A one-time high-dose intraperitoneal injection of STZ (200 mg/kg), which is a classic method for modeling type I diabetes, was applied to rapidly damage pancreatic islet cells in this study. The DN model was established by measuring the changes in the FBG and body weight. The FBG of HC mice remained in the range of 6.3 ± 0.9 mmol/L; but increased to 18.5 ± 2.2 mmol/L at the third days after STZ injection. Diabetes was defined as FBG ≥ 15 mmol/L. FBG increased with the progression of disease and ultimately reached at the level of 23.9 ± 1.7 mmol/L. The body weight decreased markedly and was about 17.5 ± 1.2 g (24.5 ± 1.6 g in HC group), which was mainly caused by the large loss of glucose and protein through the kidneys after 5 weeks STZ injection (Figure S7), indicating that diabetes had deteriorated into DN stage [30, 31].

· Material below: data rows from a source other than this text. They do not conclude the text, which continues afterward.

(* Let $\Omega_n$ be a sequence of $\mathbb{C}$-proper convex open sets in $\mathbb{C}^d$ converging in the local Hausdorff topology to a $\mathbb{C}$-proper convex open set $\Omega$, and let $\varphi_n:\Delta\to\Omega_n$ be holomorphic maps. Then either (1) $\varphi_n(x)\to\infty$ for all $x\in\Delta$, or (2) some subsequence converges uniformly on compact subsets of $\Delta$ to a holomorphic map $\varphi:\Delta\to\overline{\Omega}$; moreover, in this case either $\varphi(\Delta)\subset\partial\Omega$ or $\varphi(\Delta)\subset\Omega$.
   Context: $\Delta$ is the unit disk. $\mathbb{C}$-proper: contains no complex affine line. Local Hausdorff topology: open convex $A_n\to A$ iff $d_H(\overline{A_n}\cap\overline{B_R(0)},\overline{A}\cap\overline{B_R(0)})\to0$ for all $R>0$. *)

theory Defs
  imports "HOL-Analysis.Analysis"
begin

definition vec_holomorphic_on :: "(complex \<Rightarrow> complex ^ 'd) \<Rightarrow> complex set \<Rightarrow> bool" where
  "vec_holomorphic_on f S \<longleftrightarrow> (\<forall>i. (\<lambda>z. f z $ i) holomorphic_on S)"

definition C_proper :: "(complex ^ 'd) set \<Rightarrow> bool" where
  "C_proper A \<longleftrightarrow> \<not> (\<exists>a v. v \<noteq> 0 \<and> (\<forall>t::complex. a + t *s v \<in> A))"

definition hausdorff_dist :: "'a::metric_space set \<Rightarrow> 'a set \<Rightarrow> real" where
  "hausdorff_dist A B =
     (if A = {} \<and> B = {} then 0
      else max (SUP a\<in>A. infdist a B) (SUP b\<in>B. infdist b A))"

text \<open>The Hausdorff distance between an
  empty and a nonempty set is taken to be infinite, so convergence requires that
  eventually the truncated closures are empty exactly when the limit truncation is.\<close>
definition local_hausdorff_conv :: "(nat \<Rightarrow> 'a::real_normed_vector set) \<Rightarrow> 'a set \<Rightarrow> bool" where
  "local_hausdorff_conv A L \<longleftrightarrow>
     (\<forall>R>0.
        (\<forall>\<^sub>F n in sequentially.
           (closure (A n) \<inter> cball 0 R = {}) \<longleftrightarrow> (closure L \<inter> cball 0 R = {})) \<and>
        ((\<lambda>n. hausdorff_dist (closure (A n) \<inter> cball 0 R) (closure L \<inter> cball 0 R))
           \<longlonglongrightarrow> 0))"

end

theory Submission
  imports Defs "HOL-Complex_Analysis.Complex_Analysis"
begin

text \<open>Suppose the first alternative fails at some point x0, so that a subsequence of
  \<phi>_n(x0) stays bounded. The key step is that this subsequence is then locally uniformly
  bounded; Montel's theorem (applied coordinatewise) produces a locally uniform limit \<phi>, which
  takes values in the closure of \<Omega> because \<Omega>_n \<rightarrow> \<Omega>, and the maximum principle applied to
  exp \<langle>a, \<phi>\<rangle> for a supporting functional a gives the dichotomy \<phi>(\<Delta>) \<subseteq> \<partial>\<Omega> or \<phi>(\<Delta>) \<subseteq> \<Omega>.

  For local boundedness, suppose \<phi>_n(z_n) \<rightarrow> \<infinity> with z_n in a compact K, \<phi>_n(x0) \<rightarrow> p and
  \<phi>_n(z_n)/|\<phi>_n(z_n)| \<rightarrow> u. The closure of \<Omega> is again \<complex>-proper, so some y = p + \<zeta>u lies outside
  it, and for large n the domains \<Omega>_n lie in half-spaces Re \<langle>a_n, x\<rangle> \<le> Re \<langle>a_n, y\<rangle> - \<epsilon> with unit
  normals a_n \<rightarrow> a; passing to the limit at p gives \<langle>a, u\<rangle> \<noteq> 0. A Borel-Caratheodory estimate
  (the Schwarz lemma after mapping the half-plane onto the disc) bounds \<langle>a_n, \<phi>_n\<rangle> on K, whereas
  \<langle>a_n, \<phi>_n(z_n)\<rangle> is about |\<phi>_n(z_n)| \<langle>a, u\<rangle>, which is unbounded.\<close>

section \<open>Hermitian pairing on complex vectors\<close>

text \<open>Conjugate-linear in the first argument, with real part the real inner product; so for
  holomorphic f the half-space condition a \<bullet> f w < c is a half-plane condition on cinner a \<circ> f.\<close>

definition cinner :: "complex ^ 'd \<Rightarrow> complex ^ 'd \<Rightarrow> complex" where
  "cinner a x = (\<Sum>i\<in>UNIV. cnj (a $ i) * x $ i)"

lemma Re_cinner: "Re (cinner a x) = a \<bullet> x"
  by (simp add: cinner_def inner_vec_def Re_sum inner_complex_def)

lemma cinner_scaleC: "cinner a (c *s x) = c * cinner a x"
  by (simp add: cinner_def sum_distrib_left algebra_simps)

lemma cinner_scaleR: "cinner a (r *\<^sub>R x) = of_real r * cinner a x"
  unfolding cinner_def sum_distrib_left
  by (rule sum.cong) (auto simp: scaleR_conv_of_real[where 'a=complex] mult_ac)

lemma tendsto_cinner [tendsto_intros]:
  "(a \<longlongrightarrow> a0) F \<Longrightarrow> (x \<longlongrightarrow> x0) F \<Longrightarrow> ((\<lambda>k. cinner (a k) (x k)) \<longlongrightarrow> cinner a0 x0) F"
  unfolding cinner_def by (intro tendsto_intros)

lemma holomorphic_on_cinner:
  "vec_holomorphic_on f S \<Longrightarrow> (\<lambda>z. cinner a (f z)) holomorphic_on S"
  unfolding cinner_def vec_holomorphic_on_def by (intro holomorphic_intros) auto

lemma vec_holomorphic_on_imp_continuous_on:
  assumes "vec_holomorphic_on f S"
  shows "continuous_on S f"
proof -
  have "continuous_on S (\<lambda>z. \<chi> i. f z $ i)"
    using assms unfolding vec_holomorphic_on_def
    by (intro continuous_on_vec_lambda holomorphic_on_imp_continuous_on) auto
  then show ?thesis by simp
qed

section \<open>Holomorphic maps into a half-plane\<close>

lemma Schwarz_Pick_zero:
  assumes holg: "g holomorphic_on ball 0 1" and g_disc: "\<And>w. norm w < 1 \<Longrightarrow> norm (g w) < 1"
    and x0: "norm x0 < 1" and gx0: "g x0 = 0" and z: "norm z < 1"
  shows "norm (g z) \<le> norm (Moebius_function 0 x0 z)"
proof -
  define M where "M = Moebius_function 0 (- x0)"
  have M_disc: "norm (M \<zeta>) < 1" if "norm \<zeta> < 1" for \<zeta>
    using Moebius_function_norm_lt_1 x0 that by (simp add: M_def)
  have "(g \<circ> M) holomorphic_on ball 0 1"
    using M_disc x0 unfolding M_def
    by (intro holomorphic_on_compose_gen[OF Moebius_function_holomorphic holg]) auto
  moreover have "(g \<circ> M) 0 = 0"
    by (simp add: M_def Moebius_function_of_zero gx0)
  moreover have "M (Moebius_function 0 x0 z) = z"
    using Moebius_function_compose[of "- x0" x0 z] x0 z by (simp add: M_def)
  ultimately show ?thesis
    using Schwarz_Lemma(1)[of "g \<circ> M" "Moebius_function 0 x0 z"] g_disc M_disc
      Moebius_function_norm_lt_1[OF x0 z] by auto
qed

lemma norm_diff_lt_norm_add_cnj:
  assumes "Re w < 0" "Re w0 < 0"
  shows "cmod (w - w0) < cmod (w + cnj w0)"
proof -
  have "0 < Re w * Re w0" using mult_neg_neg[OF assms] .
  then have "(cmod (w - w0))\<^sup>2 < (cmod (w + cnj w0))\<^sup>2"
    by (simp add: cmod_power2 power2_diff power2_sum)
  then show ?thesis by (rule power_less_imp_less_base) simp
qed

lemma holomorphic_halfplane_bound:
  assumes holf: "f holomorphic_on ball 0 1" and f_lt: "\<And>w. norm w < 1 \<Longrightarrow> Re (f w) < c"
    and x0: "norm x0 < 1" and z: "norm z < 1"
  defines "s \<equiv> cmod (Moebius_function 0 x0 z)"
  shows "(1 - s) * cmod (f z - f x0) \<le> 2 * s * (c - Re (f x0))"
proof -
  define w0 where "w0 = f x0 - c"
  have w0: "Re w0 < 0" using f_lt[OF x0] by (simp add: w0_def)
  have den: "w + cnj w0 \<noteq> 0" if "Re w < 0" for w
    using that w0 by (auto simp: complex_eq_iff)
  \<comment> \<open>h maps the left half-plane into the disc and sends f x0 - c to 0.\<close>
  define h where "h w = (w - w0) / (w + cnj w0)" for w
  have h_disc: "cmod (h w) < 1" if "Re w < 0" for w
    using norm_diff_lt_norm_add_cnj[OF that w0] den[OF that] by (simp add: h_def norm_divide)
  have "(\<lambda>w. h (f w - c)) holomorphic_on ball 0 1"
    unfolding h_def using f_lt den by (intro holomorphic_intros holf) auto
  moreover have "norm (h (f w - c)) < 1" if "norm w < 1" for w
    using h_disc f_lt[OF that] by simp
  moreover have "h (f x0 - c) = 0"
    by (simp add: h_def w0_def)
  ultimately have "cmod (h (f z - c)) \<le> s"
    unfolding s_def using Schwarz_Pick_zero[OF _ _ x0 _ z] by blast
  then have "cmod (f z - f x0) \<le> s * cmod ((f z - f x0) + (w0 + cnj w0))"
    using den[of "f z - c"] f_lt[OF z] by (simp add: h_def w0_def norm_divide divide_le_eq algebra_simps)
  also have "\<dots> \<le> s * (cmod (f z - f x0) + cmod (w0 + cnj w0))"
    by (simp add: s_def mult_left_mono norm_triangle_ineq)
  also have "cmod (w0 + cnj w0) = 2 * (c - Re (f x0))"
  proof -
    have "w0 + cnj w0 = - of_real (2 * (c - Re (f x0)))"
      by (simp add: complex_add_cnj w0_def)
    then show ?thesis using w0 by (simp only: norm_minus_cancel norm_of_real) (simp add: w0_def)
  qed
  finally show ?thesis by (simp add: algebra_simps)
qed

lemma holomorphic_halfplane_bound_compact:
  assumes x0: "norm x0 < 1" and K: "compact K" "K \<subseteq> ball 0 1"
  obtains C where "C \<ge> 0"
    "\<And>f c z. f holomorphic_on ball 0 1 \<Longrightarrow> (\<And>w. norm w < 1 \<Longrightarrow> Re (f w) < c) \<Longrightarrow> z \<in> K
       \<Longrightarrow> cmod (f z - f x0) \<le> C * (c - Re (f x0))"
proof -
  obtain s where s: "0 \<le> s" "s < 1" "\<And>z. z \<in> K \<Longrightarrow> cmod (Moebius_function 0 x0 z) \<le> s"
  proof (cases "K = {}")
    case True
    then show ?thesis using that[of 0] by auto
  next
    case False
    have "continuous_on K (\<lambda>z. cmod (Moebius_function 0 x0 z))"
      using Moebius_function_holomorphic[OF x0, of 0] K(2)
      by (intro continuous_intros) (meson holomorphic_on_imp_continuous_on holomorphic_on_subset)
    then obtain z0 where "z0 \<in> K" "\<forall>z\<in>K. cmod (Moebius_function 0 x0 z) \<le> cmod (Moebius_function 0 x0 z0)"
      using continuous_attains_sup[OF K(1) False] by blast
    moreover have "cmod (Moebius_function 0 x0 z0) < 1"
      using Moebius_function_norm_lt_1[OF x0] \<open>z0 \<in> K\<close> K(2) by auto
    ultimately show ?thesis
      using that[of "cmod (Moebius_function 0 x0 z0)"] by simp
  qed
  show thesis
  proof (rule that[of "2 * s / (1 - s)"])
    show "2 * s / (1 - s) \<ge> 0" using s by simp
    fix f c z
    assume f: "f holomorphic_on ball 0 1" "\<And>w. norm w < 1 \<Longrightarrow> Re (f w) < c" and z: "z \<in> K"
    have "norm z < 1" "norm x0 < 1" using z K(2) x0 by auto
    have "(1 - s) * cmod (f z - f x0) \<le> (1 - cmod (Moebius_function 0 x0 z)) * cmod (f z - f x0)"
      using s(3)[OF z] by (simp add: mult_right_mono)
    also have "\<dots> \<le> 2 * cmod (Moebius_function 0 x0 z) * (c - Re (f x0))"
      using holomorphic_halfplane_bound[OF f x0 \<open>norm z < 1\<close>] by simp
    also have "\<dots> \<le> 2 * s * (c - Re (f x0))"
      using s(3)[OF z] f(2)[OF x0] by (simp add: mult_right_mono)
    finally show "cmod (f z - f x0) \<le> 2 * s / (1 - s) * (c - Re (f x0))"
      using s(2) by (simp add: field_simps)
  qed
qed
lemma pfree_fact_cube_cong:
  assumes "prime p" "odd p" "q = p ^ Suc e"
  shows "[pfree_fact p (q * J) ^ 3 * pfree_fact p (q * K) ^ 3
          = pfree_fact p (q * (J + K)) * pfree_fact p (q * (2 * J)) * pfree_fact p (q * (2 * K))]
           (mod int q ^ 2)"
proof -
  define V where "V = pfree_fact p q"
  have "[pfree_fact p (q * J) ^ 3 * pfree_fact p (q * K) ^ 3 = (V ^ J) ^ 3 * (V ^ K) ^ 3] (mod int q ^ 2)"
    unfolding V_def by (intro cong_mult cong_pow pfree_fact_mult_cong[OF assms])
  also have "(V ^ J) ^ 3 * (V ^ K) ^ 3 = V ^ (J + K) * V ^ (2 * J) * V ^ (2 * K)"
    by (simp flip: power_add power_mult) (simp add: algebra_simps)
  also have "[\<dots> = pfree_fact p (q * (J + K)) * pfree_fact p (q * (2 * J)) * pfree_fact p (q * (2 * K))]
               (mod int q ^ 2)"
    unfolding V_def by (intro cong_mult cong_sym[OF pfree_fact_mult_cong[OF assms]])
  finally show ?thesis .
qed

lemma S_term_mult_fact:
  assumes "k \<le> n"
  shows "S_term n k * (fact k ^ 3 * fact (n - k) ^ 3) = fact n * fact (2*k) * fact (2*n - 2*k)"
proof -
  have "(of_int (S_term n k * (fact k ^ 3 * fact (n - k) ^ 3)) :: real)
          = of_int (fact n * fact (2*k) * fact (2*n - 2*k))"
    using assms by (simp add: of_int_S_term)
  then show ?thesis by (simp only: of_int_eq_iff)
qed

lemma S_term_mult_prime:
  assumes "p > 0" "j \<le> N"
  shows "S_term (p * N) (p * j) * (pfree_fact p (p * j) ^ 3 * pfree_fact p (p * (N - j)) ^ 3)
       = S_term N j * (pfree_fact p (p * N) * pfree_fact p (p * (2 * j)) * pfree_fact p (p * (2 * N - 2 * j)))"
proof -
  have fact_mult: "(fact (p * a) :: int) = int p ^ a * fact a * pfree_fact p (p * a)" for a
    using fact_eq_pfree_fact[OF assms(1), of "p * a"] assms(1) by simp
  have "p * N - p * j = p * (N - j)" "2 * (p * j) = p * (2 * j)" "2 * (p * N) - 2 * (p * j) = p * (2 * N - 2 * j)"
    by (simp_all add: diff_mult_distrib2)
  then have scaled: "S_term (p * N) (p * j) * (fact (p * j) ^ 3 * fact (p * (N - j)) ^ 3)
                      = fact (p * N) * fact (p * (2 * j)) * fact (p * (2 * N - 2 * j))"
    using S_term_mult_fact[of "p * j" "p * N"] assms(2) by (simp add: mult.left_commute)
  have powers: "int p ^ N * int p ^ (2 * j) * int p ^ (2 * N - 2 * j) = (int p ^ j) ^ 3 * (int p ^ (N - j)) ^ 3"
    using assms(2) by (simp flip: power_add power_mult) (simp add: algebra_simps)
  define Q :: int where "Q = (int p ^ j) ^ 3 * (int p ^ (N - j)) ^ 3 * (fact j ^ 3 * fact (N - j) ^ 3)"
  have "S_term (p * N) (p * j) * (pfree_fact p (p * j) ^ 3 * pfree_fact p (p * (N - j)) ^ 3) * Q
          = S_term (p * N) (p * j) * (fact (p * j) ^ 3 * fact (p * (N - j)) ^ 3)"
    unfolding Q_def fact_mult by (simp add: power_mult_distrib mult_ac)
  also have "\<dots> = (int p ^ N * int p ^ (2 * j) * int p ^ (2 * N - 2 * j))
                    * (fact N * fact (2 * j) * fact (2 * N - 2 * j))
                    * (pfree_fact p (p * N) * pfree_fact p (p * (2 * j)) * pfree_fact p (p * (2 * N - 2 * j)))"
    unfolding scaled by (simp only: fact_mult) (simp add: mult_ac)
  also have "\<dots> = S_term N j * (pfree_fact p (p * N) * pfree_fact p (p * (2 * j)) * pfree_fact p (p * (2 * N - 2 * j))) * Q"
    unfolding powers S_term_mult_fact[OF assms(2), symmetric] Q_def by (simp add: mult_ac)
  finally show ?thesis
    using assms(1) by (simp add: Q_def)
qed

lemma S_term_valuation_tradeoff:
  fixes p :: nat
  assumes "prime p" "p ^ R dvd N" "j \<le> N"
  obtains e where "e \<le> R" "p ^ e dvd j" "p ^ e dvd N - j" "int p ^ (2 * (R - e)) dvd S_term N j"
proof (cases "p ^ R dvd j")
  case True
  then show ?thesis
    using that[of R] assms(2) by (simp add: dvd_diff_nat)
next
  case False
  define e where "e = multiplicity p j"
  have j: "j \<noteq> 0" using False by (metis dvd_0_right)
  have p: "\<not> is_unit p" using assms(1) by auto
  have "e < R" "\<not> p ^ Suc e dvd j"
    using multiplicity_lessI[OF j p False] power_dvd_iff_le_multiplicity[OF j p, of "Suc e"]
    by (simp_all add: e_def)
  moreover have "p ^ e dvd j"
    by (simp add: e_def multiplicity_dvd)
  moreover have "p ^ e dvd N"
    using \<open>e < R\<close> assms(2) by (meson dvd_trans le_imp_power_dvd less_imp_le_nat)
  ultimately show ?thesis
    using that[of e] prime_power_dvd_S_term[OF assms] by (simp add: dvd_diff_nat)
qed

lemma S_term_mult_prime_cong:
  fixes p :: nat
  assumes p: "prime p" "odd p" and "r > 0" "p ^ (r - 1) dvd N" "j \<le> N"
  shows "[S_term (p * N) (p * j) = S_term N j] (mod int p ^ (2 * r))"
proof -
  obtain e where e: "e \<le> r - 1" "p ^ e dvd j" "p ^ e dvd N - j"
    and dvd_term: "int p ^ (2 * (r - 1 - e)) dvd S_term N j"
    using S_term_valuation_tradeoff[OF p(1) assms(4,5)] .
  define q where "q = p ^ Suc e"
  obtain J K where JK: "j = p ^ e * J" "N - j = p ^ e * K"
    using e(2,3) by (auto elim!: dvdE)
  moreover have "N = p ^ e * (J + K)"
    using JK assms(5) by (metis add_mult_distrib2 le_add_diff_inverse)
  moreover have "2 * N - 2 * j = 2 * (N - j)"
    by simp
  ultimately have idx: "p * N = q * (J + K)" "p * j = q * J" "p * (N - j) = q * K"
    "p * (2 * j) = q * (2 * J)" "p * (2 * N - 2 * j) = q * (2 * K)"
    unfolding q_def by (simp_all only:) (simp_all add: mult_ac)
  define A where "A = pfree_fact p (p * j) ^ 3 * pfree_fact p (p * (N - j)) ^ 3"
  define B where "B = pfree_fact p (p * N) * pfree_fact p (p * (2 * j)) * pfree_fact p (p * (2 * N - 2 * j))"
  have "[A = B] (mod int q ^ 2)"
    unfolding A_def B_def idx using p q_def by (rule pfree_fact_cube_cong)
  then have "int q ^ 2 dvd B - A"
    using cong_iff_dvd_diff cong_sym by blast
  then have "int p ^ (2 * (r - 1 - e)) * int q ^ 2 dvd S_term N j * (B - A)"
    using dvd_term by (rule mult_dvd_mono[rotated])
  moreover have "int p ^ (2 * (r - 1 - e)) * int q ^ 2 = int p ^ (2 * r)"
  proof -
    have "2 * r = 2 * (r - 1 - e) + Suc e * 2" using e(1) \<open>r > 0\<close> by simp
    then show ?thesis by (simp add: q_def power_mult power_add power_mult_distrib power2_eq_square)
  qed
  moreover have "S_term N j * (B - A) = (S_term (p * N) (p * j) - S_term N j) * A"
    using S_term_mult_prime[OF prime_gt_0_nat[OF p(1)] assms(5)] by (simp add: A_def B_def algebra_simps)
  moreover have "coprime (int p ^ (2 * r)) A"
    using coprime_pfree_fact[OF p(1)] by (simp add: A_def)
  ultimately show ?thesis
    by (simp add: cong_iff_dvd_diff coprime_dvd_mult_left_iff)
qed

lemma sum_split_multiples:
  fixes f :: "nat \<Rightarrow> 'a :: comm_monoid_add"
  assumes "p > 0"
  shows "(\<Sum>k=0..p * N. f k) = (\<Sum>j=0..N. f (p * j)) + (\<Sum>k\<in>{k\<in>{0..p * N}. \<not> p dvd k}. f k)"
proof -
  have "(\<Sum>k=0..p * N. f k) = (\<Sum>k\<in>{0..p * N} \<inter> {k. p dvd k}. f k) + (\<Sum>k\<in>{0..p * N} - {k. p dvd k}. f k)"
    by (rule sum.Int_Diff) simp
  also have "{0..p * N} \<inter> {k. p dvd k} = (\<lambda>j. p * j) ` {0..N}"
    using assms by (auto elim!: dvdE)
  also have "{0..p * N} - {k. p dvd k} = {k\<in>{0..p * N}. \<not> p dvd k}"
    by auto
  finally show ?thesis
    using assms by (simp add: sum.reindex inj_on_def)
qed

Upon injection into the bloodstream, nanoparticles were immediately surrounded by blood components, and the in vitro stability of the nanoparticles were challenging by the strong frictional force between blood and endothelium wall, protein adsorption and wall-shear stress [42, 43]. Shear-stress-produced drag forces and serum protein in vascular narrowing was found to induce disassembly of microscale nanoparticles and vesicles. We hypothesized that blood components and other stress might together ruin the core-shell structure and thus facilitate KLPPR dissociation. This role was also assessed using FRET. The blood microvessels in the abdomen skin were imaged for FRET fluorescence at 710 nm excited at 640 nm and the corresponding fluorescence spectra of the bloodstream were recorded using confocal microscopy (Figure 5, A0-A4 and B). At 5 min post-injection of KLPPRFRET, the FRET fluorescence of the blood was clearly visible, became slight weaker after 30 min and gradually dimmed out thereafter (Figure 5, A0-A4). The FRET ratio (R) was 0.75 at 5 min and maintained above 0.71 with a strong FRET peak within 60 min, and then decreased to 0.63 at 180 min. However, the degree of KLPPR was still above 75% at 180 min, indicating the good in vivo stability of KLPPR (Figure 5, B and C).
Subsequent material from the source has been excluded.